Gather the lines from the material that contain "induction".
◆ ◆ ◆ ◆ ◆
(* Let $d\geq1$, $T\geq2$, and let $x^0,x^1\in(\mathbb{R}^d)^T$ satisfy $x^0_{t,j}\neq x^1_{t,j}$ for all $t,j$. For $1\le t\le T$ let $\mathcal{E}_t:=(\{0,1\}^d)^t$ and for $\vec\varepsilon_t=(\varepsilon_{s,j})_{s\le t,\,j\le d}\in\mathcal{E}_t$ let $x^{\vec\varepsilon_t}:=(x^{\varepsilon_{s,j}}_{s,j})_{s\le t,\,j\le d}$; let $D:=\{x^{\vec\varepsilon_T}:\vec\varepsilon_T\in\mathcal{E}_T\}$. Consider the real variables $u_{t,j}(\vec\varepsilon_t)$ for $1\le t\le T-1$, $1\le j\le d$, $\vec\varepsilon_t\in\mathcal{E}_t$, together with $w_1^0,w_1^1$ and $w_j^1$ for $2\le j\le d$ (a total of $d\sum_{t=1}^{T-1}2^{dt}+d+1$ variables), and the linear map $L_T$ sending them to the vector indexed by $\vec\varepsilon_T\in\mathcal{E}_T$ with entries $\sum_{t=1}^{T-1}\sum_{j=1}^d u_{t,j}(\vec\varepsilon_t)\,(x^{\varepsilon_{t+1,j}}_{t+1,j}-x^{\varepsilon_{t,j}}_{t,j})+w_1^{\varepsilon_{T,1}}+\sum_{j=2}^d \varepsilon_{T,j}\,w_j^1,$ where $\vec\varepsilon_t$ denotes the truncation of $\vec\varepsilon_T$ to its first $t$ blocks. Then the matrix of $L_T$ (with respect to any ordering of rows and columns) has full column rank, i.e. $L_T$ is injective.
   Context: This linear map encodes the evaluation on the cuboid $D$ of $V=\sum_{t=1}^{T-1}\sum_{j=1}^d\hat h_{t,j}(x_1,\dots,x_t)(x_{t+1,j}-x_{t,j})+\sum_{j=1}^d\hat g_j(x_{T,j})$ under the normalization $\hat g_j(x^0_{T,j})=0$ for $j\ge2$, with $u_{t,j}(\vec\varepsilon_t)=\hat h_{t,j}(x^{\vec\varepsilon_t})$, $w_1^k=\hat g_1(x^k_{T,1})$, $w^1_j=\hat g_j(x^1_{T,j})$. *)

theory Defs
  imports "HOL-Analysis.Analysis"
begin

text \<open>Indices: times s in {1..T}, coordinates j in {1..d}. A point of (R^d)^T is a
  function nat => nat => real (only the values on {1..T} x {1..d} matter).
  A sign pattern eps in E_t = ({0,1}^d)^t is a function nat => nat => nat with
  values in {0,1} on {1..t} x {1..d} and value 0 elsewhere (extensional).\<close>

definition Eset :: "nat \<Rightarrow> nat \<Rightarrow> (nat \<Rightarrow> nat \<Rightarrow> nat) set" where
  "Eset d t = {e. (\<forall>s j. e s j \<in> {0,1}) \<and>
                   (\<forall>s j. \<not> (s \<in> {1..t} \<and> j \<in> {1..d}) \<longrightarrow> e s j = 0)}"

definition trunc :: "nat \<Rightarrow> (nat \<Rightarrow> nat \<Rightarrow> nat) \<Rightarrow> (nat \<Rightarrow> nat \<Rightarrow> nat)" where
  "trunc t e = (\<lambda>s j. if s \<le> t then e s j else 0)"

definition xsel :: "(nat \<Rightarrow> nat \<Rightarrow> real) \<Rightarrow> (nat \<Rightarrow> nat \<Rightarrow> real) \<Rightarrow>
                    (nat \<Rightarrow> nat \<Rightarrow> nat) \<Rightarrow> nat \<Rightarrow> nat \<Rightarrow> real" where
  "xsel x0 x1 e s j = (if e s j = 0 then x0 s j else x1 s j)"

text \<open>The linear map L_T, evaluated at the row indexed by eps in E_T.
  Variables: u t j eps = u_{t,j}(eps); w0 = w_1^0; w1 j = w_j^1 (j = 1..d).\<close>
definition LT :: "nat \<Rightarrow> nat \<Rightarrow> (nat \<Rightarrow> nat \<Rightarrow> real) \<Rightarrow> (nat \<Rightarrow> nat \<Rightarrow> real) \<Rightarrow>
    (nat \<Rightarrow> nat \<Rightarrow> (nat \<Rightarrow> nat \<Rightarrow> nat) \<Rightarrow> real) \<Rightarrow> real \<Rightarrow> (nat \<Rightarrow> real) \<Rightarrow>
    (nat \<Rightarrow> nat \<Rightarrow> nat) \<Rightarrow> real" where
  "LT d T x0 x1 u w0 w1 e =
     (\<Sum>t = 1..T-1. \<Sum>j = 1..d. u t j (trunc t e) *
         (xsel x0 x1 e (t+1) j - xsel x0 x1 e t j))
     + (if e T 1 = 0 then w0 else w1 1)
     + (\<Sum>j = 2..d. real (e T j) * w1 j)"

end

theory Submission
  imports Defs
begin

text \<open>Since L_T is linear it suffices to show that its kernel is trivial. More generally, if
  sum_{t<T} sum_j u_{t,j} (x_{t+1,j} - x_{t,j}) + sum_j g_j(eps_{T,j}) vanishes on all of D, then
  u = 0 and every g_j is constant; this goes by induction on T. Freeze the first T-1 blocks of
  signs and vary the last one: the value becomes a sum of functions of the individual last signs,
  so each of them is constant. This says u_{T-1,j} (x^1_{T,j} - x^0_{T,j}) = g_j(0) - g_j(1), so
  u_{T-1,j} = c_j does not depend on the past, and the last trading term is absorbed into the
  new terminal functions g_j(0) + c_j (x^0_{T,j} - x_{T-1,j}) of the signs at time T-1. By
  induction these are constant, i.e. c_j (x^1_{T-1,j} - x^0_{T-1,j}) = 0, whence c_j = 0.\<close>

lemma sum_independent_choices_imp_const:
  fixes \<phi> :: "'a \<Rightarrow> 'b \<Rightarrow> 'c::cancel_comm_monoid_add"
  assumes "finite J"
    and const: "\<And>b. (\<forall>j. b j \<in> A) \<Longrightarrow> (\<Sum>j\<in>J. \<phi> j (b j)) = c"
    and "j \<in> J" "a \<in> A" "a' \<in> A"
  shows "\<phi> j a = \<phi> j a'"
proof -
  have "(\<Sum>k\<in>J-{j}. \<phi> k (if k = j then a else a')) = (\<Sum>k\<in>J-{j}. \<phi> k a')"
    by (rule sum.cong) auto
  then have "\<phi> j a + (\<Sum>k\<in>J-{j}. \<phi> k a') = (\<Sum>k\<in>J. \<phi> k (if k = j then a else a'))"
    using sum.remove[OF \<open>finite J\<close> \<open>j \<in> J\<close>, of "\<lambda>k. \<phi> k (if k = j then a else a')"] by simp
  also have "\<dots> = (\<Sum>k\<in>J. \<phi> k a')"
    using const[of "\<lambda>k. if k = j then a else a'"] const[of "\<lambda>_. a'"] \<open>a \<in> A\<close> \<open>a' \<in> A\<close> by simp
  also have "\<dots> = \<phi> j a' + (\<Sum>k\<in>J-{j}. \<phi> k a')"
    using sum.remove[OF \<open>finite J\<close> \<open>j \<in> J\<close>] .
  finally show ?thesis by simp
qed

definition gains :: "nat \<Rightarrow> nat \<Rightarrow> (nat \<Rightarrow> nat \<Rightarrow> real) \<Rightarrow> (nat \<Rightarrow> nat \<Rightarrow> real) \<Rightarrow>
    (nat \<Rightarrow> nat \<Rightarrow> (nat \<Rightarrow> nat \<Rightarrow> nat) \<Rightarrow> real) \<Rightarrow> (nat \<Rightarrow> nat \<Rightarrow> nat) \<Rightarrow> real" where
  "gains d T x0 x1 u e = (\<Sum>t = 1..T-1. \<Sum>j = 1..d. u t j (trunc t e) *
      (xsel x0 x1 e (t+1) j - xsel x0 x1 e t j))"

definition append_block :: "nat \<Rightarrow> nat \<Rightarrow> (nat \<Rightarrow> nat \<Rightarrow> nat) \<Rightarrow> (nat \<Rightarrow> nat) \<Rightarrow>
    (nat \<Rightarrow> nat \<Rightarrow> nat)" where
  "append_block d n f b = (\<lambda>s j. if s \<le> n then f s j else if s = Suc n \<and> j \<in> {1..d} then b j else 0)"

lemma append_block_in_Eset:
  "f \<in> Eset d n \<Longrightarrow> \<forall>j. b j \<in> {0,1} \<Longrightarrow> append_block d n f b \<in> Eset d (Suc n)"
  unfolding Eset_def append_block_def by auto

lemma zero_in_Eset: "(\<lambda>_ _. 0) \<in> Eset d t"
  unfolding Eset_def by auto

lemma gains_append_block:
  assumes "n \<ge> 1" and "f \<in> Eset d n"
  shows "gains d (Suc n) x0 x1 u (append_block d n f b) = gains d n x0 x1 u f +
    (\<Sum>j = 1..d. u n j f * ((if b j = 0 then x0 (Suc n) j else x1 (Suc n) j) - xsel x0 x1 f n j))"
proof -
  let ?e = "append_block d n f b"
  have trunc_eq: "trunc t ?e = trunc t f" if "t \<le> n" for t
    using that by (auto simp: trunc_def append_block_def fun_eq_iff)
  have xsel_eq: "xsel x0 x1 ?e s j = xsel x0 x1 f s j" if "s \<le> n" for s j
    using that by (simp add: xsel_def append_block_def)
  have "trunc n f = f"
    using \<open>f \<in> Eset d n\<close> by (auto simp: Eset_def trunc_def fun_eq_iff)
  then have last_step:
    "(\<Sum>j = 1..d. u n j (trunc n ?e) * (xsel x0 x1 ?e (Suc n) j - xsel x0 x1 ?e n j)) =
      (\<Sum>j = 1..d. u n j f * ((if b j = 0 then x0 (Suc n) j else x1 (Suc n) j) - xsel x0 x1 f n j))"
    by (intro sum.cong refl) (simp add: trunc_eq xsel_eq, simp add: xsel_def append_block_def)
  have "gains d n x0 x1 u ?e = gains d n x0 x1 u f"
    unfolding gains_def by (intro sum.cong refl) (auto simp: trunc_eq xsel_eq)
  moreover have "(\<Sum>t = 1..n. F t) = (\<Sum>t = 1..n-1. F t) + F n" for F :: "nat \<Rightarrow> real"
    using \<open>n \<ge> 1\<close> by (cases n) auto
  ultimately show ?thesis
    using last_step by (simp add: gains_def)
qed

lemma vanishing_portfolio_is_trivial:
  assumes "T \<ge> 1"
    and "\<And>t j. t \<in> {1..T} \<Longrightarrow> j \<in> {1..d} \<Longrightarrow> x0 t j \<noteq> x1 t j"
    and "\<And>e. e \<in> Eset d T \<Longrightarrow> gains d T x0 x1 u e + (\<Sum>j = 1..d. g j (e T j)) = 0"
  shows "(\<forall>t \<in> {1..T-1}. \<forall>j \<in> {1..d}. \<forall>e \<in> Eset d t. u t j e = 0) \<and>
    (\<forall>j \<in> {1..d}. g j 1 = g j 0)"
  using assms
proof (induction T arbitrary: g rule: nat_induct_at_least)
  case base
  have "g j 1 = g j 0" if "j \<in> {1..d}" for j
  proof (rule sum_independent_choices_imp_const
      [where \<phi> = g and J = "{1..d}" and A = "{0,1}" and c = 0])
    fix b :: "nat \<Rightarrow> nat" assume "\<forall>j. b j \<in> {0,1}"
    then have "append_block d 0 (\<lambda>_ _. 0) b \<in> Eset d 1"
      using append_block_in_Eset[OF zero_in_Eset] by simp
    moreover have "(\<Sum>j = 1..d. g j (append_block d 0 (\<lambda>_ _. 0) b 1 j)) = (\<Sum>j = 1..d. g j (b j))"
      by (intro sum.cong) (auto simp: append_block_def)
    ultimately show "(\<Sum>j = 1..d. g j (b j)) = 0"
      using base.prems(2) by (simp add: gains_def)
  qed (use that in auto)
  then show ?case by simp
next
  case (Suc n)
  let ?x = "\<lambda>b t j. if b = 0 then x0 t j else x1 t j"
  define \<phi> where "\<phi> f j b = u n j f * (?x b (Suc n) j - xsel x0 x1 f n j) + g j b"
    for f j and b :: nat
  have fibre: "(\<Sum>j = 1..d. \<phi> f j (b j)) = - gains d n x0 x1 u f"
    if f: "f \<in> Eset d n" and b: "\<forall>j. b j \<in> {0,1}" for f b
  proof -
    have "(\<Sum>j = 1..d. g j (append_block d n f b (Suc n) j)) = (\<Sum>j = 1..d. g j (b j))"
      by (intro sum.cong) (auto simp: append_block_def)
    then show ?thesis
      using Suc.prems(2)[OF append_block_in_Eset[OF f b]] gains_append_block[OF Suc.hyps f]
      by (simp add: \<phi>_def sum.distrib)
  qed
  have jump: "u n j f * (x1 (Suc n) j - x0 (Suc n) j) = g j 0 - g j 1"
    if f: "f \<in> Eset d n" and j: "j \<in> {1..d}" for f j
  proof -
    have "\<phi> f j 1 = \<phi> f j 0"
      by (rule sum_independent_choices_imp_const[where J = "{1..d}" and A = "{0,1}"])
        (use fibre[OF f] j in auto)
    then show ?thesis by (simp add: \<phi>_def algebra_simps)
  qed
  have uniform: "u n j f = u n j (\<lambda>_ _. 0)" if f: "f \<in> Eset d n" and j: "j \<in> {1..d}" for f j
  proof -
    have "x1 (Suc n) j - x0 (Suc n) j \<noteq> 0" using Suc.prems(1)[of "Suc n" j] j by auto
    moreover have "u n j f * (x1 (Suc n) j - x0 (Suc n) j) =
        u n j (\<lambda>_ _. 0) * (x1 (Suc n) j - x0 (Suc n) j)"
      using jump[OF f j] jump[OF zero_in_Eset j] by simp
    ultimately show ?thesis by simp
  qed
  define g' where "g' j b = g j 0 + u n j (\<lambda>_ _. 0) * (x0 (Suc n) j - ?x b n j)"
    for j and b :: nat
  have "gains d n x0 x1 u f + (\<Sum>j = 1..d. g' j (f n j)) = 0" if f: "f \<in> Eset d n" for f
  proof -
    have "(\<Sum>j = 1..d. g' j (f n j)) = (\<Sum>j = 1..d. \<phi> f j 0)"
      by (intro sum.cong) (auto simp: g'_def \<phi>_def xsel_def uniform[OF f] algebra_simps)
    then show ?thesis using fibre[OF f, of "\<lambda>_. 0"] by simp
  qed
  with Suc.prems(1) have IH: "(\<forall>t \<in> {1..n-1}. \<forall>j \<in> {1..d}. \<forall>e \<in> Eset d t. u t j e = 0) \<and>
      (\<forall>j \<in> {1..d}. g' j 1 = g' j 0)"
    by (intro Suc.IH) auto
  have u_last_zero: "u n j f = 0" if f: "f \<in> Eset d n" and j: "j \<in> {1..d}" for f j
  proof -
    have "g' j 1 = g' j 0" using IH j by blast
    moreover have "x0 n j \<noteq> x1 n j" using Suc.prems(1)[of n j] Suc.hyps j by auto
    ultimately have "u n j (\<lambda>_ _. 0) = 0" by (simp add: g'_def)
    then show ?thesis using uniform[OF f j] by simp
  qed
  have "g j 1 = g j 0" if j: "j \<in> {1..d}" for j
    using jump[OF zero_in_Eset j] u_last_zero[OF zero_in_Eset j] by simp
  moreover have "u t j e = 0" if "t \<in> {1..n}" "j \<in> {1..d}" "e \<in> Eset d t" for t j e
    using that IH u_last_zero by (cases "t = n") auto
  ultimately show ?case by simp
qed

text \<open>The terminal functions of LT as functions of the sign b, under the normalisation
  g_j(x^0_{T,j}) = 0 for j >= 2: g_1(b) = w_1^b and g_j(b) = b w_j^1.\<close>
definition terminal_payoff :: "real \<Rightarrow> (nat \<Rightarrow> real) \<Rightarrow> nat \<Rightarrow> nat \<Rightarrow> real" where
  "terminal_payoff w0 w1 j b = (if j = 1 then (if b = 0 then w0 else w1 1) else real b * w1 j)"

lemma LT_eq_gains_plus_terminal_payoff:
  assumes "d \<ge> 1"
  shows "LT d T x0 x1 u w0 w1 e =
    gains d T x0 x1 u e + (\<Sum>j = 1..d. terminal_payoff w0 w1 j (e T j))"
proof -
  have "(\<Sum>j = 2..d. terminal_payoff w0 w1 j (e T j)) = (\<Sum>j = 2..d. real (e T j) * w1 j)"
    by (intro sum.cong) (auto simp: terminal_payoff_def)
  then show ?thesis
    using sum.atLeast_Suc_atMost[OF assms, of "\<lambda>j. terminal_payoff w0 w1 j (e T j)"]
    by (simp add: LT_def gains_def terminal_payoff_def numeral_2_eq_2)
qed

lemma gains_diff:
  "gains d T x0 x1 u e - gains d T x0 x1 u' e = gains d T x0 x1 (\<lambda>t j f. u t j f - u' t j f) e"
  unfolding gains_def by (simp add: sum_subtractf[symmetric] algebra_simps)

lemma terminal_payoff_diff:
  "terminal_payoff w0 w1 j b - terminal_payoff w0' w1' j b =
    terminal_payoff (w0 - w0') (\<lambda>j. w1 j - w1' j) j b"
  by (simp add: terminal_payoff_def algebra_simps)

lemma terminal_payoff_trivial_imp_zero:
  assumes "d \<ge> 1"
    and const: "\<forall>j \<in> {1..d}. terminal_payoff w0 w1 j 1 = terminal_payoff w0 w1 j 0"
    and "(\<Sum>j = 1..d. terminal_payoff w0 w1 j 0) = 0"
  shows "w0 = 0" and "j \<in> {1..d} \<Longrightarrow> w1 j = 0"
proof -
  show "w0 = 0"
    using assms(3) sum.atLeast_Suc_atMost[OF assms(1), of "\<lambda>j. terminal_payoff w0 w1 j 0"]
    by (simp add: terminal_payoff_def)
  moreover assume "j \<in> {1..d}"
  then have "terminal_payoff w0 w1 j 1 = terminal_payoff w0 w1 j 0"
    using const by blast
  ultimately show "w1 j = 0"
    by (cases "j = 1") (simp_all add: terminal_payoff_def)
qed

theorem lemma4p1:
  fixes d T :: nat and x0 x1 :: "nat \<Rightarrow> nat \<Rightarrow> real"
    and u u' :: "nat \<Rightarrow> nat \<Rightarrow> (nat \<Rightarrow> nat \<Rightarrow> nat) \<Rightarrow> real"
    and w0 w0' :: real and w1 w1' :: "nat \<Rightarrow> real"
  assumes "d \<ge> 1" and "T \<ge> 2"
    and "\<And>t j. t \<in> {1..T} \<Longrightarrow> j \<in> {1..d} \<Longrightarrow> x0 t j \<noteq> x1 t j"
    and "\<And>e. e \<in> Eset d T \<Longrightarrow> LT d T x0 x1 u w0 w1 e = LT d T x0 x1 u' w0' w1' e"
  shows "(\<forall>t \<in> {1..T-1}. \<forall>j \<in> {1..d}. \<forall>e \<in> Eset d t. u t j e = u' t j e)
         \<and> w0 = w0' \<and> (\<forall>j \<in> {1..d}. w1 j = w1' j)"
proof -
  define U where "U = (\<lambda>t j f. u t j f - u' t j f)"
  define g where "g = terminal_payoff (w0 - w0') (\<lambda>j. w1 j - w1' j)"
  have kernel: "gains d T x0 x1 U e + (\<Sum>j = 1..d. g j (e T j)) = 0" if "e \<in> Eset d T" for e
  proof -
    have "gains d T x0 x1 U e + (\<Sum>j = 1..d. g j (e T j)) =
        LT d T x0 x1 u w0 w1 e - LT d T x0 x1 u' w0' w1' e"
      unfolding LT_eq_gains_plus_terminal_payoff[OF assms(1)] U_def g_def
        gains_diff[symmetric] terminal_payoff_diff[symmetric] sum_subtractf by simp
    then show ?thesis using assms(4)[OF that] by simp
  qed
  then have U: "\<forall>t \<in> {1..T-1}. \<forall>j \<in> {1..d}. \<forall>f \<in> Eset d t. U t j f = 0"
    and g: "\<forall>j \<in> {1..d}. g j 1 = g j 0"
    using vanishing_portfolio_is_trivial[of T d x0 x1 U g] assms(2,3) by auto
  have "gains d T x0 x1 U (\<lambda>_ _. 0) = 0"
    using U zero_in_Eset by (simp add: gains_def trunc_def)
  then have "(\<Sum>j = 1..d. g j 0) = 0"
    using kernel[OF zero_in_Eset] by simp
  then have "w0 - w0' = 0" and "\<forall>j \<in> {1..d}. w1 j - w1' j = 0"
    using terminal_payoff_trivial_imp_zero[OF assms(1)] g unfolding g_def by blast+
  then show ?thesis
    using U by (simp add: U_def)
qed

end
◆ ◆ ◆ ◆ ◆
• [Your response]
  u = 0 and every g_j is constant; this goes by induction on T. Freeze the first T-1 blocks of
  induction these are constant, i.e. c_j (x^1_{T-1,j} - x^0_{T-1,j}) = 0, whence c_j = 0.\<close>
proof (induction T arbitrary: g rule: nat_induct_at_least)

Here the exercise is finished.